As a recession is defined as two successive quarters of recorded negative economic growth, several European, Asian, and South American countries are currently in recession, Russia and Netherlands among them, and the United States might not be that far behind.
During the fourth quarter of last year, the country recorded only a 0.7 percent growth in GDP compared to the same quarter for the previous year. However, considering that that for the entire year the U.S. recorded close to 2.4 percent growth, a recession does not seem immediately imminent. Those figures are not the only indicators, however, as many other recession gauges are starting to seem more alarming.
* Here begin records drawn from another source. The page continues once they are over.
lemma coset_inn_iso:
  assumes L: "L = Fix G f"
  shows "quandle_iso (rcosets L) (hq_op G L f)
           (inn_carrier (carrier G) (galex_op G f)) (inn_op (carrier G) (galex_op G f)) coset_inn"
proof -
  have rcosets: "A \<in> rcosets L \<longleftrightarrow> (\<exists>a\<in>carrier G. A = L #> a)" for A
    by (auto simp: RCOSETS_def)
  have hom: "coset_inn (hq_op G L f A B) = inn_op (carrier G) (galex_op G f) (coset_inn A) (coset_inn B)"
    if "A \<in> rcosets L" "B \<in> rcosets L" for A B
    using that rcosets
    by (auto simp: hq_op_rcos coset_inn_rcos[OF L] galex_op_closed inn_op_inn_map[OF galex_quandle])
  have "inj_on coset_inn (rcosets L)"
    by (rule inj_onI) (auto simp: rcosets coset_inn_rcos[OF L] inn_map_eq_iff_rcos_eq[OF L])
  moreover have "coset_inn ` (rcosets L) = inn_carrier (carrier G) (galex_op G f)"
    unfolding inn_carrier_def
    by (force simp: rcosets coset_inn_rcos[OF L] image_iff)
  ultimately show ?thesis
    using hom unfolding quandle_iso_def quandle_hom_def bij_betw_def by blast
qed

lemma coset_inn_snd:
  "L = Fix G f \<Longrightarrow> p \<in> L \<times> rcosets L \<Longrightarrow> coset_inn (snd p) = R (twisted_to_galex p)"
  by (metis coset_inn_rcos rcos_twisted_to_galex twisted_to_galex_in_carrier)

end
theorem theorem3p4:
  fixes \<alpha> L :: real and \<gamma> \<gamma>' \<gamma>'' :: "real \<Rightarrow> real^3"
  assumes "\<alpha> \<noteq> 0"
    and "closed_sphere_curve \<gamma> \<gamma>' \<gamma>'' L"
    and "alpha_stationary \<alpha> \<gamma> \<gamma>' \<gamma>''"
  shows "((\<forall>t. \<gamma> t $ 3 > 0) \<longrightarrow> \<alpha> < 0) \<and> ((\<forall>t. \<gamma> t $ 3 < 0) \<longrightarrow> \<alpha> > 0)"
proof -
  note sign = stationary_curve_sign_at_critical_point[OF assms(2,3)]
  define z z' z'' where "z = (\<lambda>t. \<gamma> t $ 3)" and "z' = (\<lambda>t. \<gamma>' t $ 3)"
    and "z'' = (\<lambda>t. \<gamma>'' t $ 3)"
  have "L > 0" and per: "\<And>t. z (t + L) = z t"
    and dz: "\<And>t. (z has_real_derivative z' t) (at t)" and dz': "\<And>t. (z' has_real_derivative z'' t) (at t)"
    using assms(2) by (simp_all add: closed_sphere_curve_def z_def z'_def z''_def has_real_derivative_vec_nth)
  show ?thesis
  proof (intro conjI impI)
    assume "\<forall>t. \<gamma> t $ 3 > 0"
    moreover obtain t0 where "z' t0 = 0" and "0 \<le> z'' t0"
      using periodic_C2_attains_min[OF \<open>L > 0\<close> per dz dz'] by blast
    ultimately show "\<alpha> < 0"
      using sign(1)[of t0] by (simp add: z'_def z''_def)
  next
    assume "\<forall>t. \<gamma> t $ 3 < 0"
    moreover obtain t0 where "\<And>t. z t \<le> z t0" and "z' t0 = 0" and "z'' t0 \<le> 0"
      using periodic_C2_attains_max[OF \<open>L > 0\<close> per dz dz'] by blast
    moreover have "-1 < \<gamma> t0 $ 3"
      using closed_sphere_curve_max_height_gt_minus_1[OF assms(2)] \<open>\<And>t. z t \<le> z t0\<close> by (simp add: z_def)
    ultimately show "\<alpha> > 0"
      using sign(2)[of t0] by (simp add: z'_def z''_def)
  qed
qed

end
For 10 out of the past 12 months, the nation’s industrial production recorded negative readings, going down by 3 percent in just the past six months. Additionally, the Institute for Supply Management Purchasing Managers’ Index recorded 48.2 for the first month of the current year, making it a fourth consecutive month when the index was under 50, signifying there has been a slowdown in manufacturing.
Another red flag is the fact that consumers, who are responsible for close to three quarters of the country’s GDP growth, have lessened their spending. Personal spending for December, as stated by the U.S. Commerce Department, was flat compared to the previous month, with spending on both durable and non-durable goods going down by 0.9 percent. That translates into a disastrous fourth quarter for retailers, as it is the quarter considered the most important truly reflective of consumer spending propensity.
This fact is hardly surprising, considering that wages for consumers who need to push the GDP growth up have only increased by 2.2 percent in the last five years. All of these factors could spell a slowdown in GDP growth that could push the U.S. and with it the world, into a global recession.